Articles et actus techniques
Nord-Aquitaine

Semis tardifs de céréales : prévoir des ajustements techniques

Depuis mi-octobre, les précipitations continues ont retardé les chantiers de semis des céréales. Seulement 10 à 15 % des surfaces sont à ce jour implantées. Et les prévisions météo indiquent encore des pluies, à des niveaux certes moins élevés, dans les prochains jours. Dans ce contexte, il est nécessaire d’attendre le ressuyage des parcelles non semées, qui devraient redevenir accessibles, dans la majorité des cas, au mieux fin novembre. Et d’adapter ses choix techniques.
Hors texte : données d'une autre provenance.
(* Let $N\ge 2$, $M\ge 2$, $d\ge 2$ be integers and let $\{p(\boldsymbol{a}|\boldsymbol{x})\}$ be any $(N+1)$-partite nonsignalling probability distribution in which each party $A^{(k)}$, $k=1,\dots,N+1$, chooses one of $M$ measurements $A^{(k)}_{x_k}$, $x_k\in\{1,\dots,M\}$, each with $d$ outcomes in $\mathbb{Z}_d=\{0,\dots,d-1\}$. Then $$I^{N,M,d}_{A^{(1)}\cdots A^{(N)}}+\big\langle[A^{(k)}_{x_k}-A^{(N+1)}_{x_{N+1}}]\big\rangle+\big\langle[A^{(N+1)}_{x_{N+1}}-A^{(k)}_{x_k}]\big\rangle\ \ge\ d-1$$ for all $x_k,x_{N+1}\in\{1,\dots,M\}$ and all $k\in\{1,\dots,N\}$, where $I^{N,M,d}_{A^{(1)}\cdots A^{(N)}}$ is the Bell expression (evaluated on the marginal of the first $N$ parties) defined in the context.
   Context: Notation: $[\Omega]$ denotes $\Omega$ modulo $d$, and $\langle[\Omega]\rangle=\sum_{i=0}^{d-1} i\,P([\Omega]=i)$, computed from the (well-defined by no-signalling) marginal joint distribution of the measurements appearing in $\Omega$. For a party $X$ with observables $X_1,\dots,X_M$, indices beyond $M$ are interpreted by $X_{iM+\gamma}:=[X_\gamma+i]$ (the outcome shifted by $i$ mod $d$), $\gamma\in\{1,\dots,M\}$. The Bell expression is defined recursively. For $N=2$: $I^{2,M,d}_{A^{(1)}A^{(2)}}=\sum_{\alpha=1}^{M}\big(\langle[A^{(1)}_\alpha-A^{(2)}_\alpha]\rangle+\langle[A^{(2)}_\alpha-A^{(1)}_{\alpha+1}]\rangle\big)$. For $N\ge3$: $I^{N,M,d}_{A^{(1)}\cdots A^{(N)}}=\frac1M\sum_{\alpha_{N-1}=1}^{M} I^{N-1,M,d}_{A^{(1)}\cdots A^{(N-1)}}(\alpha_{N-1})\circ A^{(N)}_{\alpha_{N-1}}$, where $I^{N-1,M,d}(\alpha_{N-1})$ is $I^{N-1,M,d}$ with the observable index $\alpha_{N-2}$ of the last party $A^{(N-1)}$ relabelled as $\alpha_{N-2}\to\alpha_{N-2}+\alpha_{N-1}-1$, and "$\circ A^{(N)}_{\gamma}$" means inserting $A^{(N)}_{\gamma}$ inside each bracket $\langle[\cdot]\rangle$ with the sign opposite to that of $A^{(N-1)}$ in that bracket. Explicitly, this gives $I^{N,M,d}=\frac{1}{M^{N-2}}\sum_{\alpha_1,\dots,\alpha_{N-1}=1}^{M}\Big(\big\langle[A^{(1)}_{\alpha_1}+S]\big\rangle+\big\langle[-A^{(1)}_{\alpha_1+1}-S]\big\rangle\Big)$ with $S=\sum_{k=2}^{N-1}(-1)^{k-1}A^{(k)}_{\alpha_{k-1}+\alpha_k-1}+(-1)^{N-1}A^{(N)}_{\alpha_{N-1}}$ (for $N=2$, $S=-A^{(2)}_{\alpha_1}$). Its local (classical) bound is $I^{N,M,d}\ge d-1$ and its minimal nonsignalling value is $0$. Nonsignalling: marginals of any subset of parties are independent of the remaining parties' measurement choices. *)

theory Defs
  imports Complex_Main "HOL-Library.FuncSet"
begin

text \<open>Parties are indexed 0..n-1 (party A^(k) of the paper is index k-1).
  Settings are 1..M, outcomes 0..d-1.  A behaviour p maps an outcome
  vector a and a setting vector x (both extensional functions on the
  parties) to the probability p(a|x).\<close>

definition settings :: "nat \<Rightarrow> nat \<Rightarrow> (nat \<Rightarrow> nat) set" where
  "settings n M = {0..<n} \<rightarrow>\<^sub>E {1..M}"

definition outcomes :: "nat \<Rightarrow> nat \<Rightarrow> (nat \<Rightarrow> nat) set" where
  "outcomes n d = {0..<n} \<rightarrow>\<^sub>E {0..<d}"

definition is_behaviour ::
  "nat \<Rightarrow> nat \<Rightarrow> nat \<Rightarrow> ((nat \<Rightarrow> nat) \<Rightarrow> (nat \<Rightarrow> nat) \<Rightarrow> real) \<Rightarrow> bool" where
  "is_behaviour n M d p \<longleftrightarrow>
     (\<forall>x\<in>settings n M. (\<forall>a\<in>outcomes n d. 0 \<le> p a x) \<and> (\<Sum>a\<in>outcomes n d. p a x) = 1)"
Semis tardif de blé tendre dans le Sud Ouest

Conséquences d’un retard de la date de semis

En réduisant la phase de croissance et d’installation de la culture en hiver et en augmentant le risque d’échaudage et de déficit hydrique en fin de cycle, le retard de la date de semis se traduit par une diminution du potentiel de rendement. Des essais menés entre 2020 et 2022 ont montré que, jusqu’au 15-20 novembre, retarder le semis amène une perte de rendement négligeable. En revanche, pour des semis du 5-10 décembre, le rendement baisse fortement, d’environ 35 % en moyenne dans nos essais dans un sol de groie moyenne. Cette perte est cependant fortement variable selon le climat de l’année :

  • Elle sera plus importante dans les sols plus superficiels que dans les sols profonds.
  • Le choix d’une variété plus précoce peut permettre de réduire le risque de perte de potentiel.
  • Elle peut être atténuée par le recours à l’irrigation pour assurer l’alimentation en eau en fin de cycle.
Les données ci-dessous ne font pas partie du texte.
(* (i) Let $\beta:\mathbb{Z}\to\mathbb{C}$ have convergent increments and let $d:\mathcal{A}\to A$ be the invariant derivation $d(a)=[\beta(\mathbb{K}),a]$. Then there exists an operator $D:\mathcal{D}\to\mathcal{H}$ such that $[D,\pi(a)]f=\pi(d(a))f$ and $U_\varphi DU_\varphi^{-1}f=Df$ for all $f\in\mathcal{D}$, $a\in\mathcal{A}$, $\varphi\in[0,2\pi)$. Moreover, every such $D$ has the form $Df=\beta(\mathbb{K})f-f\alpha(\mathbb{K})$ for some sequence $\alpha:\mathbb{Z}\to\mathbb{C}$. (ii) Let $\beta:\mathbb{Z}\to\mathbb{C}$ have convergent increments and let $d:\mathcal{A}\to A$ be the covariant derivation $d(a)=[U\beta(\mathbb{K}),a]$. Then there exists an operator $D:\mathcal{D}\to\mathcal{H}$ such that $[D,\pi(a)]f=\pi(d(a))f$ and $U_\varphi DU_\varphi^{-1}f=e^{i\varphi}Df$ for all $f\in\mathcal{D}$, $a\in\mathcal{A}$, $\varphi\in[0,2\pi)$. Moreover, every such $D$ has the form $Df=U\beta(\mathbb{K})f-fU\alpha(\mathbb{K})$ for some sequence $\alpha:\mathbb{Z}\to\mathbb{C}$.
   Context: Let $\{E_k\}$ be the canonical basis of $\ell^2(\mathbb{Z})$, $UE_k=E_{k+1}$, $\mathbb{K}E_k=kE_k$, $a(\mathbb{K})E_k=a(k)E_k$. $A$ is the C$^*$-algebra generated by $U$ and all $a(\mathbb{K})$ with $a$ having finite limits at $\pm\infty$; $\mathcal{A}$ is the algebra of finite sums $\sum_nU^na_n(\mathbb{K})$ with each $a_n$ eventually constant (constant on $k\ge k_0$ and on $k\le-k_0$ for some $k_0$). A function $\beta$ has convergent increments if $k\mapsto\beta(k)-\beta(k-1)$ has finite limits as $k\to\pm\infty$. $\mathcal{H}$ is the Hilbert space of Hilbert–Schmidt operators on $\ell^2(\mathbb{Z})$ with $\langle f,g\rangle=\mathrm{tr}(f^*g)$, each $f$ uniquely $f=\sum_nU^nf_n(\mathbb{K})$ with $\sum_{n,k}|f_n(k)|^2<\infty$. $\mathcal{D}\subset\mathcal{H}$ is the dense subspace of finite sums with each $f_n$ finitely supported. $\pi(a)f=af$, $\pi'(a)f=fa$ for $a\in A$ (both preserve $\mathcal{D}$ for $a\in\mathcal{A}$). $U_\varphi f=\sum_ne^{in\varphi}U^nf_n(\mathbb{K})$ for $\varphi\in[0,2\pi)$. *)

theory Defs
  imports "HOL-Analysis.Analysis" "HOL-Library.Function_Algebras"
begin

text \<open>Bounded (and Hilbert--Schmidt) operators on l2(Z) are represented by their
matrices w.r.t. the canonical basis: M j k is the coefficient of E_j in M E_k.\<close>

type_synonym mat = "int \<Rightarrow> int \<Rightarrow> complex"

definition mmult :: "mat \<Rightarrow> mat \<Rightarrow> mat" where
  "mmult A B = (\<lambda>j k. \<Sum>\<^sub>\<infinity>m. A j m * B m k)"

definition diagop :: "(int \<Rightarrow> complex) \<Rightarrow> mat" where
  "diagop a = (\<lambda>j k. if j = k then a k else 0)"

definition shiftU :: mat where
  "shiftU = (\<lambda>j k. if j = k + 1 then 1 else 0)"

definition Upow :: "int \<Rightarrow> mat" where
  "Upow n = (\<lambda>j k. if j = k + n then 1 else 0)"

definition eventually_const :: "(int \<Rightarrow> complex) \<Rightarrow> bool" where
  "eventually_const a \<longleftrightarrow> (\<exists>k0. (\<forall>k\<ge>k0. a k = a k0) \<and> (\<forall>k\<le>-k0. a k = a (-k0)))"

definition calA :: "mat set" where
  "calA = {a. \<exists>N an. finite N \<and> (\<forall>n\<in>N. eventually_const (an n)) \<and>
                 a = (\<Sum>n\<in>N. mmult (Upow n) (diagop (an n)))}"

definition conv_incr :: "(int \<Rightarrow> complex) \<Rightarrow> bool" where
  "conv_incr \<beta> \<longleftrightarrow> (\<exists>L1 L2. ((\<lambda>k. \<beta> k - \<beta> (k - 1)) \<longlongrightarrow> L1) at_top \<and>
                              ((\<lambda>k. \<beta> k - \<beta> (k - 1)) \<longlongrightarrow> L2) at_bot)"

text \<open>Hilbert--Schmidt operators (the space H)\<close>
definition HS :: "mat set" where
  "HS = {f. (\<lambda>(j,k). (cmod (f j k))\<^sup>2) summable_on (UNIV :: (int \<times> int) set)}"

text \<open>the dense subspace D: finitely supported matrices
  (finite sums sum_n U^n f_n(K) with f_n finitely supported)\<close>
definition calD :: "mat set" where
  "calD = {f. finite {(j,k). f j k \<noteq> 0}}"

text \<open>U_phi f = sum_n e^(i n phi) U^n f_n(K)\<close>
definition Uphi :: "real \<Rightarrow> mat \<Rightarrow> mat" where
  "Uphi \<phi> f = (\<lambda>j k. exp (\<i> * of_real (of_int (j - k) * \<phi>)) * f j k)"

definition op_DH :: "(mat \<Rightarrow> mat) \<Rightarrow> bool" where
  "op_DH D \<longleftrightarrow> (\<forall>f\<in>calD. D f \<in> HS) \<and>
     (\<forall>f\<in>calD. \<forall>g\<in>calD. D (f + g) = D f + D g) \<and>
     (\<forall>f\<in>calD. \<forall>c. D (\<lambda>j k. c * f j k) = (\<lambda>j k. c * D f j k))"

definition commD :: "(mat \<Rightarrow> mat) \<Rightarrow> mat \<Rightarrow> mat \<Rightarrow> mat" where
  "commD D a f = D (mmult a f) - mmult a (D f)"

definition comm :: "mat \<Rightarrow> mat \<Rightarrow> mat" where
  "comm x y = mmult x y - mmult y x"

end

theory Submission
  imports Defs
begin

(* Both parts are the cases m = 0 and m = 1 of the derivation [U^m \<beta>(K), -] together with
   gauge covariance of degree m, i.e. U_\<phi> D U_\<phi>^-1 = e^(i m \<phi>) D.
   Existence: D f = U^m \<beta>(K) f - f U^m \<alpha>(K) works for every \<alpha>, because the \<alpha>-terms commute
   with left multiplication and the \<beta>-terms reproduce [U^m \<beta>(K), a] f after reindexing.
   Uniqueness: D is determined by its values on the matrix units E_rq. Commuting D with the
   coordinate projections shows that D E_rq agrees with U^m \<beta>(K) E_rq outside row r; gauge
   covariance leaves only the entry (r, q - m) in row r; commuting D with U shows that the
   defect D E_rq - U^m \<beta>(K) E_rq at that entry does not depend on r, and it defines -\<alpha>(q - m). *)

lemma infsum_UNIV_eq_sum:
  fixes f :: "'a \<Rightarrow> 'b::{comm_monoid_add, t2_space}"
  assumes "finite F" "\<And>x. x \<notin> F \<Longrightarrow> f x = 0"
  shows "infsum f UNIV = sum f F"
  using infsum_cong_neutral[where S = UNIV and T = F and f = f and g = f] assms by simp

lemma mmult_eq_sum_rows:
  assumes "finite G" "\<And>l k. l \<notin> G \<Longrightarrow> g l k = 0"
  shows "mmult a g j k = (\<Sum>l\<in>G. a j l * g l k)"
  unfolding mmult_def by (rule infsum_UNIV_eq_sum) (use assms in auto)

lemma mmult_diagop_left: "mmult (diagop b) X = (\<lambda>j k. b j * X j k)"
  unfolding mmult_def diagop_def by (intro ext, subst infsum_UNIV_eq_sum[where F = "{_}"]) auto

lemma mmult_diagop_right: "mmult X (diagop b) = (\<lambda>j k. X j k * b k)"
  unfolding mmult_def diagop_def by (intro ext, subst infsum_UNIV_eq_sum[where F = "{_}"]) auto

lemma mmult_Upow_left: "mmult (Upow n) X = (\<lambda>j k. X (j - n) k)"
  unfolding mmult_def Upow_def by (intro ext, subst infsum_UNIV_eq_sum[where F = "{_ - n}"]) auto

lemma mmult_Upow_right: "mmult X (Upow n) = (\<lambda>j k. X j (k + n))"
  unfolding mmult_def Upow_def by (intro ext, subst infsum_UNIV_eq_sum[where F = "{_ + n}"]) auto

lemma shiftU_eq_Upow_1: "shiftU = Upow 1"
  unfolding shiftU_def Upow_def by simp

definition wshift :: "int \<Rightarrow> (int \<Rightarrow> complex) \<Rightarrow> mat" where
  "wshift m b = mmult (Upow m) (diagop b)"

lemma wshift_apply: "wshift m b j k = (if j = k + m then b k else 0)"
  by (simp add: wshift_def mmult_Upow_left diagop_def)

lemma mmult_wshift_left: "mmult (wshift m b) X = (\<lambda>j k. b (j - m) * X (j - m) k)"
  unfolding mmult_def wshift_apply
  by (intro ext, subst infsum_UNIV_eq_sum[where F = "{_ - m}"]) auto

lemma mmult_wshift_right: "mmult X (wshift m b) = (\<lambda>j k. X j (k + m) * b k)"
  unfolding mmult_def wshift_apply
  by (intro ext, subst infsum_UNIV_eq_sum[where F = "{_ + m}"]) auto

lemma wshift_0: "wshift 0 b = diagop b"
  by (simp add: wshift_def mmult_Upow_left)

lemma mmult_shiftU_diagop: "mmult shiftU (diagop b) = wshift 1 b"
  by (simp add: wshift_def shiftU_eq_Upow_1)

definition matunit :: "int \<Rightarrow> int \<Rightarrow> mat" where
  "matunit r q = (\<lambda>j k. if j = r \<and> k = q then 1 else 0)"

lemma mmult_matunit_right: "mmult X (matunit r q) = (\<lambda>j k. if k = q then X j r else 0)"
  unfolding mmult_def matunit_def by (intro ext, subst infsum_UNIV_eq_sum[where F = "{r}"]) auto

lemma mmult_shiftU_matunit: "mmult shiftU (matunit r q) = matunit (r + 1) q"
  by (auto simp: shiftU_eq_Upow_1 mmult_Upow_left matunit_def intro!: ext)

definition coord_proj :: "int \<Rightarrow> mat" where
  "coord_proj p = diagop (\<lambda>j. if j = p then 1 else 0)"

lemma coord_proj_calA: "coord_proj p \<in> calA"
proof -
  have "eventually_const (\<lambda>j. if j = p then 1 else 0)"
    unfolding eventually_const_def by (rule exI[of _ "\<bar>p\<bar> + 1"]) auto
  moreover have "coord_proj p = (\<Sum>n\<in>{0}. mmult (Upow n) (diagop (\<lambda>j. if j = p then 1 else 0)))"
    by (simp add: coord_proj_def mmult_Upow_left)
  ultimately show ?thesis
    unfolding calA_def by (intro CollectI exI[of _ "{0}"] exI[of _ "\<lambda>_ j. if j = p then 1 else 0"]) simp
qed

lemma shiftU_calA: "shiftU \<in> calA"
proof -
  have "eventually_const (\<lambda>_. 1)"
    unfolding eventually_const_def by simp
  moreover have "shiftU = (\<Sum>n\<in>{1}. mmult (Upow n) (diagop (\<lambda>_. 1)))"
    by (auto simp: shiftU_def mmult_Upow_left diagop_def intro!: ext)
  ultimately show ?thesis
    unfolding calA_def by (intro CollectI exI[of _ "{1}"] exI[of _ "\<lambda>_ _. 1"]) simp
qed

lemma calD_if_support_subset:
  assumes "f \<in> calD" "\<And>j k. g j k \<noteq> 0 \<Longrightarrow> f j k \<noteq> 0"
  shows "g \<in> calD"
  using assms unfolding calD_def by (auto intro: finite_subset[rotated])

lemma calD_imp_HS:
  assumes "f \<in> calD"
  shows "f \<in> HS"
proof -
  have "{x. (\<lambda>(j, k). (cmod (f j k))\<^sup>2) x \<noteq> 0} \<subseteq> {(j, k). f j k \<noteq> 0}"
    by auto
  then show ?thesis
    using assms unfolding calD_def HS_def
    by (auto intro: finite_nonzero_values_imp_summable_on finite_subset)
qed

lemma calD_finite_rows:
  assumes "f \<in> calD"
  obtains F where "finite F" "\<And>l k. l \<notin> F \<Longrightarrow> f l k = 0"
proof
  show "finite (fst ` {(j, k). f j k \<noteq> 0})"
    using assms unfolding calD_def by simp
  show "f l k = 0" if "l \<notin> fst ` {(j, k). f j k \<noteq> 0}" for l k
    using that by force
qed

lemma matunit_calD: "matunit r q \<in> calD"
proof -
  have "{(j, k). matunit r q j k \<noteq> 0} = {(r, q)}"
    unfolding matunit_def by auto
  then show ?thesis
    unfolding calD_def by simp
qed

definition wshift_comm :: "int \<Rightarrow> (int \<Rightarrow> complex) \<Rightarrow> (int \<Rightarrow> complex) \<Rightarrow> mat \<Rightarrow> mat" where
  "wshift_comm m \<beta> \<alpha> f = mmult (wshift m \<beta>) f - mmult f (wshift m \<alpha>)"

lemma wshift_comm_apply:
  "wshift_comm m \<beta> \<alpha> f j k = \<beta> (j - m) * f (j - m) k - f j (k + m) * \<alpha> k"
  by (simp add: wshift_comm_def mmult_wshift_left mmult_wshift_right)

lemma wshift_comm_calD:
  assumes f: "f \<in> calD"
  shows "wshift_comm m \<beta> \<alpha> f \<in> calD"
proof -
  define S where "S = {(j, k). f j k \<noteq> 0}"
  have "(j, k) \<in> (\<lambda>(j, k). (j + m, k)) ` S \<union> (\<lambda>(j, k). (j, k - m)) ` S"
    if "wshift_comm m \<beta> \<alpha> f j k \<noteq> 0" for j k
  proof -
    have "(j - m, k) \<in> S \<or> (j, k + m) \<in> S"
      using that by (auto simp: S_def wshift_comm_apply)
    then show ?thesis
      by (auto intro: rev_image_eqI)
  qed
  then have "{(j, k). wshift_comm m \<beta> \<alpha> f j k \<noteq> 0} \<subseteq> (\<lambda>(j, k). (j + m, k)) ` S \<union> (\<lambda>(j, k). (j, k - m)) ` S"
    by auto
  moreover have "finite S"
    using f by (simp add: S_def calD_def)
  ultimately show ?thesis
    unfolding calD_def by (auto intro: finite_subset)
qed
D’un point de vue économique, lorsque le potentiel de rendement est ainsi entamé, les stratégies de protection et le niveau d’intrants doivent être revus à la baisse afin de limiter les pertes de marge. D’autant que le risque sanitaire est moindre pour les semis tardifs : moindre salissement en graminées, diminution des populations de pucerons, pression maladies plus faible.

Attendre le ressuyage des sols en profondeur, pas de passage en force

Afin de maximiser les chances de créer une structure favorable à la levée puis à l’enracinement des cultures, les bons réflexes sont d’attendre que le sol soit ressuyé sur toute l’épaisseur de la couche arable, ne pas travailler trop profond et utiliser le matériel le plus léger possible.

Les tassements profonds auront également des conséquences graves et durables sur les capacités des cultures à s’enraciner. Ils réduiront de ce fait les réserves en eau exploitables et exposeront davantage les cultures aux stress hydriques.

Carte 1 : Cumul de pluies du 15 octobre au 5 novembre 2023 (en mm)
Carte 1 : Cumul de pluies du 15 octobre au 5 novembre 2023 (en mm)

Adaptation variétale à envisager

Si les implantations peuvent être réalisées avant la fin novembre, à début décembre, les cultures prévues peuvent être maintenues qu’il s’agisse de blé tendre, d’orge d’hiver ou de triticale. Il est par contre nécessaire de privilégier les variétés les plus précoces afin de limiter les risques d’échaudage en fin de cycle. Pour les blés tendres, les orges d’hiver et les triticales, le bon compromis pour ce créneau de date de semis est de retenir les variétés dont la note de précocité épiaison atteint ou dépasse 7, sans oublier d’adapter la densité de semis.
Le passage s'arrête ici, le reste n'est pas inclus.